There is a breakfast on Sunday for racers and their families and a brief awards ceremony. Although I didn’t attend, I heard it was very well-done. If I am fortunate enough to do this race again, I would certainly try to make it. However, this year, I was too anxious to begin the repair process for my blisters to care much about food or rewards at that point. Even so, it turns out I came in third in the walking division (men and women combined) and I was so very pleased with that. I only wonder how I would have done if the blisters hadn’t been such a problem.

Some thoughts after my first 24 hour race:
• I was not as tired as I thought I would be after staying up all day and all night.
• But full recovery has taken me longer than I would have thought. Here it is one week later and I am still feeling an overall sense of exhaustion. I’m sleeping longer than I normally do and I don’t have my usual compulsion to get outside and walk 5 to 10 miles every day.
• It was much better for me to begin a timed race (or any race, for that matter) in the morning hours rather than in the afternoon or evening. I’ve tried it both ways and morning suits me far better.
• I think my blisters were caused by starting out with shoes that had already been well-worn. As I suited up Saturday morning, I noticed a worn spot in my left shoe exactly where the walnut-sized blister had formed later that day.

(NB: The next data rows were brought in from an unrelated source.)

lemma cf_beta_add_le: "cf_beta \<theta> (Suc (Suc n)) + cf_beta \<theta> (Suc n) \<le> cf_beta \<theta> n"
proof -
  have "cf_beta \<theta> (Suc n) \<le> real (cf_a \<theta> (Suc (Suc n))) * cf_beta \<theta> (Suc n)"
    using cf_a_ge_1[of "Suc (Suc n)"] cf_beta_pos[of "Suc n"] by simp
  then show ?thesis
    using cf_beta_recurrence[of n] by linarith
qed

lemma cf_q_theta_minus_p: "real (cf_q \<theta> n) * \<theta> - of_int (cf_p \<theta> n) = (-1) ^ n * cf_beta \<theta> n"
proof (induction n rule: fib.induct)
  case 1
  show ?case by simp
next
  case 2
  show ?case
    using gauss_orbit_bounds(1)[of 0] pos
    by (simp add: cf_beta_Suc cf_a_Suc_eq gauss_orbit_def field_simps)
next
  case (3 n)
  have "real (cf_q \<theta> (Suc (Suc n))) * \<theta> - of_int (cf_p \<theta> (Suc (Suc n)))
      = real (cf_a \<theta> (Suc (Suc n))) * (real (cf_q \<theta> (Suc n)) * \<theta> - of_int (cf_p \<theta> (Suc n)))
        + (real (cf_q \<theta> n) * \<theta> - of_int (cf_p \<theta> n))"
    by (simp add: algebra_simps)
  also have "\<dots> = real (cf_a \<theta> (Suc (Suc n))) * ((-1) ^ Suc n * cf_beta \<theta> (Suc n))
      + (-1) ^ n * cf_beta \<theta> n"
    using "3.IH" by simp
  also have "\<dots> = (-1) ^ n * (cf_beta \<theta> n - real (cf_a \<theta> (Suc (Suc n))) * cf_beta \<theta> (Suc n))"
    by (simp add: algebra_simps)
  also have "\<dots> = (-1) ^ Suc (Suc n) * cf_beta \<theta> (Suc (Suc n))"
    using cf_beta_recurrence[of n] by simp
  finally show ?case .
qed

lemma abs_cf_q_theta_minus_p: "\<bar>real (cf_q \<theta> n) * \<theta> - of_int (cf_p \<theta> n)\<bar> = cf_beta \<theta> n"
  using cf_beta_pos[of n] by (simp add: cf_q_theta_minus_p abs_mult power_abs)

lemma cf_beta_less_half:
  assumes "n \<ge> 1"
  shows "cf_beta \<theta> n < 1 / 2"
proof -
  have "cf_beta \<theta> 1 = 1 - real (cf_a \<theta> 1) * \<theta>"
    using cf_a_Suc_eq[of 0] pos by (simp add: cf_beta_Suc gauss_orbit_def field_simps)
  moreover have "\<theta> \<le> real (cf_a \<theta> 1) * \<theta>"
    using cf_a_ge_1[of 1] pos by simp
  moreover have "cf_beta \<theta> 1 < \<theta>"
    using cf_beta_Suc_less[of 0] by simp
  moreover have "cf_beta \<theta> n \<le> cf_beta \<theta> 1"
    using lift_Suc_antimono_le[of "cf_beta \<theta>", OF less_imp_le[OF cf_beta_Suc_less] assms] .
  ultimately show ?thesis
    by linarith
qed

lemma dnint_cf_q:
  assumes "n \<ge> 1"
  shows "dnint (real (cf_q \<theta> n) * \<theta>) = cf_beta \<theta> n"
proof -
  have e: "real (cf_q \<theta> n) * \<theta> = of_int (cf_p \<theta> n) + (-1) ^ n * cf_beta \<theta> n"
    using cf_q_theta_minus_p[of n] by simp
  have b: "0 < cf_beta \<theta> n" "cf_beta \<theta> n < 1 / 2"
    using cf_beta_pos cf_beta_less_half[OF assms] by auto
  show ?thesis
  proof (cases "even n")
    case True
    then have "\<lfloor>real (cf_q \<theta> n) * \<theta>\<rfloor> = cf_p \<theta> n"
      using b by (intro floor_unique) (auto simp: e)
    then show ?thesis
      using True b by (simp add: dnint_def frac_def e)
  next
    case False
    then have "\<lfloor>real (cf_q \<theta> n) * \<theta>\<rfloor> = cf_p \<theta> n - 1"
      using b by (intro floor_unique) (auto simp: e)
    then show ?thesis
      using False b by (simp add: dnint_def frac_def e)
  qed
qed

So – lesson learned the hard way; I will be sure to examine my shoes carefully before deciding which ones to wear and will opt for newer ones with less mileage on them.
• Another issue was my socks. I was wearing the newer heavier version of Injinji toe socks rather than the smoother ones I usually wear. The combination of degraded shoe with rougher socks was apparently enough to cause problems. And then, of course, the hot humid weather didn’t help matters at all. For future races longer than a marathon, I will stick with my thin Injinji socks covered with a thin regular sock for extra protection.
• I will be sure to pack an extra pair of shoes and several pairs of socks (not just one) plus bandages and neosporin and other repair items for ‘just in case’ treatments.
• Everything else went smoothly so my other preparations must have been fine with the exception of the unexpected predicament with my feet.

The aftermath:
• My blisters are healing but much more slowly than I would like. There is improvement every day but still some sensitivity and soreness.
• I made a wise decision to stop when I did instead of stubbornly pushing through (which, to be honest, I did consider). I want to be in reasonably good form for the upcoming Alaska marathon next Saturday.

Would I recommend this race to walkers? I would say YES without hesitation. Both the 12 hour and 24 hour races would be a wonderful addition to a walker’s experience. The people who put on the FANS races think of just about everything to keep walkers comfortable, informed, and in high spirits throughout the day and evening. Timed races are special; there is no DNF (did not finish) possible since there is no set distance required, and fast and slower participants complete their races at the same time, so traditional back-of-the-packers don’t have to worry about being last and alone.
Would I do this race again? I am already making plans for next year!